The three actors in question are Zachery Ty Bryan, Taran Noah Smith, and Jonathan Taylor Thomas, who played their on-screen sons during the show’s run between 1991 and 1999. Each has taken a very different path since the series wrapped, and none of those paths has made a reunion particularly simple to arrange.
The most serious situation involves Bryan, who played the eldest son, Brad Taylor. In February 2026, Bryan was sentenced to 16 months in prison in connection with a DUI arrest in 2024. The following month, he was sentenced to an additional 19 months for violating a condition of his probation after a previous assault charge tied to a 2023 domestic violence conviction. Bryan had also been arrested in February 2021 on a felony assault charge in Oregon, stemming from an incident in which he allegedly strangled his then-girlfriend. His mounting legal troubles represent the most visible obstacle to any reunion effort.

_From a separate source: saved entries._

lemma dim_form_kernel_ge:
  fixes P :: "'a::euclidean_space set"
  assumes "subspace P" "dim P = 3" "alt_form_on P \<alpha>"
  shows "DIM('a) - 2 \<le> dim (form_kernel \<alpha>)"
proof -
  obtain k where k: "k \<in> P" "k \<noteq> 0" "k \<in> form_kernel \<alpha>"
    using alt_form_on_dim_3_form_kernel_nonzero[OF assms] .
  have "k \<notin> span (P\<^sup>\<bottom>)"
    using k orthogonal_Int_0[OF assms(1)] span_eq_iff[THEN iffD2, OF subspace_orthogonal_comp]
    by blast
  then have "dim (insert k (P\<^sup>\<bottom>)) = dim (P\<^sup>\<bottom>) + 1"
    by (simp add: dim_insert)
  also have "\<dots> = DIM('a) - 2"
    using dim_orthogonal_comp[OF assms(1)] assms(2) by simp
  finally have "dim (insert k (P\<^sup>\<bottom>)) = DIM('a) - 2" .
  moreover have "insert k (P\<^sup>\<bottom>) \<subseteq> form_kernel \<alpha>"
    using k orthogonal_comp_subset_form_kernel[OF assms(3)] by blast
  ultimately show ?thesis
    using dim_subset[of "insert k (P\<^sup>\<bottom>)" "form_kernel \<alpha>"] by simp
qed

lemma orthogonal_comp_form_kernel_subset:
  fixes P :: "'a::euclidean_space set"
  assumes "subspace P" "alt_form_on P \<alpha>"
  shows "(form_kernel \<alpha>)\<^sup>\<bottom> \<subseteq> P"
  using orthogonal_comp_anti_mono[OF orthogonal_comp_subset_form_kernel[OF assms(2)]]
  by (simp add: orthogonal_comp_self[OF assms(1)])

lemma alt_form_on_orthogonal_comp_form_kernel:
  fixes \<alpha> :: "'a::euclidean_space \<Rightarrow> 'a \<Rightarrow> real"
  assumes "alt_form_on P \<alpha>"
  shows "alt_form_on ((form_kernel \<alpha>)\<^sup>\<bottom>) \<alpha>"
proof (rule alt_form_onI)
  show "linear (\<lambda>a. \<alpha> a b)" "\<alpha> b a = - \<alpha> a b" for a b
    using assms by (rule alt_form_on_linear_left, rule alt_form_on_antisym)
  show "\<alpha> a b = 0" if "a \<in> (form_kernel \<alpha>)\<^sup>\<bottom>\<^sup>\<bottom>" for a b
    using that orthogonal_comp_self[OF subspace_form_kernel[OF assms]] by (simp add: form_kernel_def)
qed

lemma alt_form_on_dim_le_1_eq_0:
  fixes W :: "'a::euclidean_space set"
  assumes "subspace W" "dim W \<le> 1" "alt_form_on W \<alpha>"
  shows "\<alpha> a b = 0"
proof -
  have "\<alpha> x y = 0" if "x \<in> W" "y \<in> W" for x y
  proof (cases "x = 0")
    case True
    then show ?thesis
      using linear_0[OF alt_form_on_linear_left[OF assms(3)]] by simp
  next
    case False
    then have "y \<in> span {x}"
      using subspace_dim_le_1_iff[OF assms(1)] assms(2) \<open>x \<in> W\<close> \<open>y \<in> W\<close> False by blast
    then obtain t where "y = t *\<^sub>R x"
      by (auto simp: span_singleton)
    then show ?thesis
      using linear_scale[OF alt_form_on_linear_right[OF assms(3)]] alt_form_on_self[OF assms(3)]
      by simp
  qed
  then have "W \<subseteq> form_kernel \<alpha>"
    using alt_form_on_in_form_kernel[OF assms(3,1)] by blast
  show ?thesis
  proof (rule linear_eq_0_on_subspace_and_orthogonal_comp[OF alt_form_on_linear_left[OF assms(3)] assms(1)])
    show "\<alpha> u b = 0" if "u \<in> W" for u
      using \<open>W \<subseteq> form_kernel \<alpha>\<close> that by (auto simp: form_kernel_def)
    show "\<alpha> v b = 0" if "v \<in> W\<^sup>\<bottom>" for v
      using alt_form_on_orthogonal_left[OF assms(3) that] .
  qed
qed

The other two sons present different, though equally complicated, challenges. Both Taran Noah Smith and Jonathan Taylor Thomas have largely stepped away from acting, according to their on-screen mother, Patricia Richardson. Richardson noted in a 2024 podcast interview that Smith had not acted since leaving the show and no longer considers himself an actor. Thomas, who was arguably the breakout teen heartthrob of the cast during the show’s peak popularity, has similarly retreated from Hollywood life, rarely making public appearances and giving few interviews over the past two decades.
The irony of the situation is that Allen himself has been the most consistent advocate for bringing the show back. He had been publicly interested in a reunion or one-off TV event as far back as 2018, when he told E! News he wanted to center such a project on his on-screen sons. He reiterated that desire in conversations with TVLine in 2020 and again with The Messenger in 2023. His original vision was always focused on catching up with where the Taylor boys had ended up in adulthood — a premise that now carries a certain painful real-world resonance.
Home Improvement was one of the defining sitcoms of the early 1990s, regularly ranking among the top-rated shows on American television throughout much of its run. Built around Allen’s stand-up comedy persona and a sharp ensemble cast, it blended family dynamics with workplace humor through Tim’s fictional home improvement show-within-a-show, Tool Time. The series made Allen one of the biggest television stars of the decade and launched the careers of its young co-stars.
For now, the prospect of a revival — whether a full reboot, a limited series, or even a one-time special — appears to be on indefinite hold. Allen remains busy professionally, with his voice work in the Toy Story franchise continuing to keep him in the public eye. But for the nostalgic fans who grew up watching the Taylor family fumble through backyard projects and heart-to-heart conversations over the fence with the mysterious Wilson, a proper Home Improvement reunion looks further away than ever.